- _WORK ORDER_
Every line in the listing below from the one with "k)) \<longlonglongrightarrow> step" through the one with "(use in_dom \<open>a" is to be reproduced exactly, both ends included; leave out the rest.
***
lemma newton_iter_tendsto_root:
  fixes f f' :: "real \<Rightarrow> real"
  assumes deriv: "\<And>x. (f has_real_derivative f' x) (at x)"
    and cont: "continuous_on {a..r} f'"
    and "a \<le> r" and root: "f r = 0" and pos: "\<And>x. a \<le> x \<Longrightarrow> x < r \<Longrightarrow> 0 < f x"
    and tangent: "\<And>x. a \<le> x \<Longrightarrow> x < r \<Longrightarrow> f' x * (r - x) \<le> f r - f x"
  shows "newton_iter f a \<longlonglongrightarrow> r"
proof -
  define step where "step x = x - f x / f' x" for x
  note iter = newton_iter_incseq_below_root[OF assms(1,3-6)]
  obtain L where lim: "newton_iter f a \<longlonglongrightarrow> L"
    using iter by (metis LIMSEQ_incseq_SUP bdd_aboveI2)
  have "a \<le> L" "L \<le> r"
    using iter by (auto intro: LIMSEQ_le_const[OF lim] LIMSEQ_le_const2[OF lim])
  moreover have False if "L < r"
  proof -
    have in_dom: "newton_iter f a k \<in> {a..<r}" for k
      using iter(2,3)[of k] incseq_le[OF iter(1) lim, of k] that by auto
    have slope_neg: "f' x < 0" if "a \<le> x" "x < r" for x
      using root pos[OF that] \<open>x < r\<close> tangent[OF that] by (rule tangent_below_root_slope_neg)
    have "continuous_on {a..<r} f"
      using deriv by (intro continuous_at_imp_continuous_on ballI DERIV_isCont)
    moreover have "continuous_on {a..<r} f'"
      using cont by (rule continuous_on_subset) auto
    moreover have "f' x \<noteq> 0" if "x \<in> {a..<r}" for x
      using slope_neg[of x] that by auto
    ultimately have "continuous_on {a..<r} step"
      unfolding step_def by (intro continuous_intros) auto
    then have "(\<lambda>k. step (newton_iter f a k)) \<longlonglongrightarrow> step L"
      by (rule continuous_on_tendsto_compose[OF _ lim])
        (use in_dom \<open>a \<le> L\<close> that in \<open>auto intro: always_eventually\<close>)
    moreover have "(\<lambda>k. step (newton_iter f a k)) \<longlonglongrightarrow> L"
      using LIMSEQ_Suc[OF lim] unfolding newton_iter_Suc[OF deriv] step_def .
    ultimately have "step L = L"
      by (rule LIMSEQ_unique)
    then show False
      using slope_neg[OF \<open>a \<le> L\<close> that] pos[OF \<open>a \<le> L\<close> that] by (simp add: step_def)
  qed
  ultimately show ?thesis
    using lim by fastforce
qed

lemma quadratic_form_nonneg:
  fixes P R c x y :: real
  assumes "0 \<le> P" "0 \<le> R" "c\<^sup>2 \<le> P * R"
  shows "0 \<le> x\<^sup>2 * R - 2 * x * y * c + y\<^sup>2 * P"
proof (cases "R = 0")
  case True
  then show ?thesis using assms by simp
next
  case False
  then have "0 < R" using assms by simp
  have "R * (x\<^sup>2 * R - 2 * x * y * c + y\<^sup>2 * P) = (R * x - c * y)\<^sup>2 + (P * R - c\<^sup>2) * y\<^sup>2"
    by algebra
  also have "\<dots> \<ge> 0"
    using assms by simp
  finally show ?thesis
    using \<open>0 < R\<close> by (simp add: zero_le_mult_iff)
qed

(*
  Centred data of N points: C = [[p, r], [r, q]] is the scatter matrix, (u, v) = (Sum x z, Sum y z)
  and m = Sum z^2. Then cov_det e = det (C - e I), cov_adj e = (u, v) adj (C - e I) (u, v)^T,
  and eig_min is the smaller eigenvalue of C.
*)
locale pratt_quartic =
  fixes N m p q r u v :: real
begin

definition cov_det :: "real \<Rightarrow> real" where
  "cov_det e = (p - e) * (q - e) - r\<^sup>2"

definition cov_adj :: "real \<Rightarrow> real" where
  "cov_adj e = u\<^sup>2 * (q - e) - 2 * u * v * r + v\<^sup>2 * (p - e)"

definition z_factor :: "real \<Rightarrow> real" where
  "z_factor e = N * m - (p + q + 2 * e)\<^sup>2"

definition quartic :: "real \<Rightarrow> real" where
  "quartic e = z_factor e * cov_det e - N * cov_adj e"

definition quartic' :: "real \<Rightarrow> real" where
  "quartic' e = - 4 * (p + q + 2 * e) * cov_det e + z_factor e * (2 * e - (p + q)) + N * (u\<^sup>2 + v\<^sup>2)"

definition quartic'' :: "real \<Rightarrow> real" where
  "quartic'' e = 2 * z_factor e + 8 * ((p + q)\<^sup>2 - 4 * e\<^sup>2) - 8 * cov_det e"

definition eig_min :: real where
  "eig_min = (p + q - sqrt ((p - q)\<^sup>2 + 4 * r\<^sup>2)) / 2"

end

locale pratt_quartic_psd = pratt_quartic +
  assumes N_nonneg: "0 \<le> N" and p_nonneg: "0 \<le> p" and q_nonneg: "0 \<le> q"
    and r_square_le: "r\<^sup>2 \<le> p * q"
begin

lemma quartic_has_derivative: "(quartic has_real_derivative quartic' e) (at e)"
  unfolding quartic_def[abs_def] quartic'_def z_factor_def cov_det_def cov_adj_def
  by (auto intro!: derivative_eq_intros simp: algebra_simps power2_eq_square)

lemma quartic'_has_derivative: "(quartic' has_real_derivative quartic'' e) (at e)"
  unfolding quartic'_def[abs_def] quartic''_def z_factor_def cov_det_def
  by (auto intro!: derivative_eq_intros simp: algebra_simps power2_eq_square)

lemma eig_min_bounds: "0 \<le> eig_min" "eig_min \<le> p" "eig_min \<le> q"
proof -
  have "sqrt ((p - q)\<^sup>2 + 4 * r\<^sup>2) \<le> sqrt ((p + q)\<^sup>2)"
    using r_square_le by (intro real_sqrt_le_mono) (simp add: power2_eq_square algebra_simps)
  then show "0 \<le> eig_min"
    using p_nonneg q_nonneg by (simp add: eig_min_def)
  have "\<bar>p - q\<bar> \<le> sqrt ((p - q)\<^sup>2 + 4 * r\<^sup>2)"
    using real_sqrt_le_mono[of "(p - q)\<^sup>2" "(p - q)\<^sup>2 + 4 * r\<^sup>2"] by simp
  then show "eig_min \<le> p" "eig_min \<le> q"
    by (auto simp: eig_min_def)
qed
***
- _OUTPUT_
    then have "(\<lambda>k. step (newton_iter f a k)) \<longlonglongrightarrow> step L"
      by (rule continuous_on_tendsto_compose[OF _ lim])
        (use in_dom \<open>a \<le> L\<close> that in \<open>auto intro: always_eventually\<close>)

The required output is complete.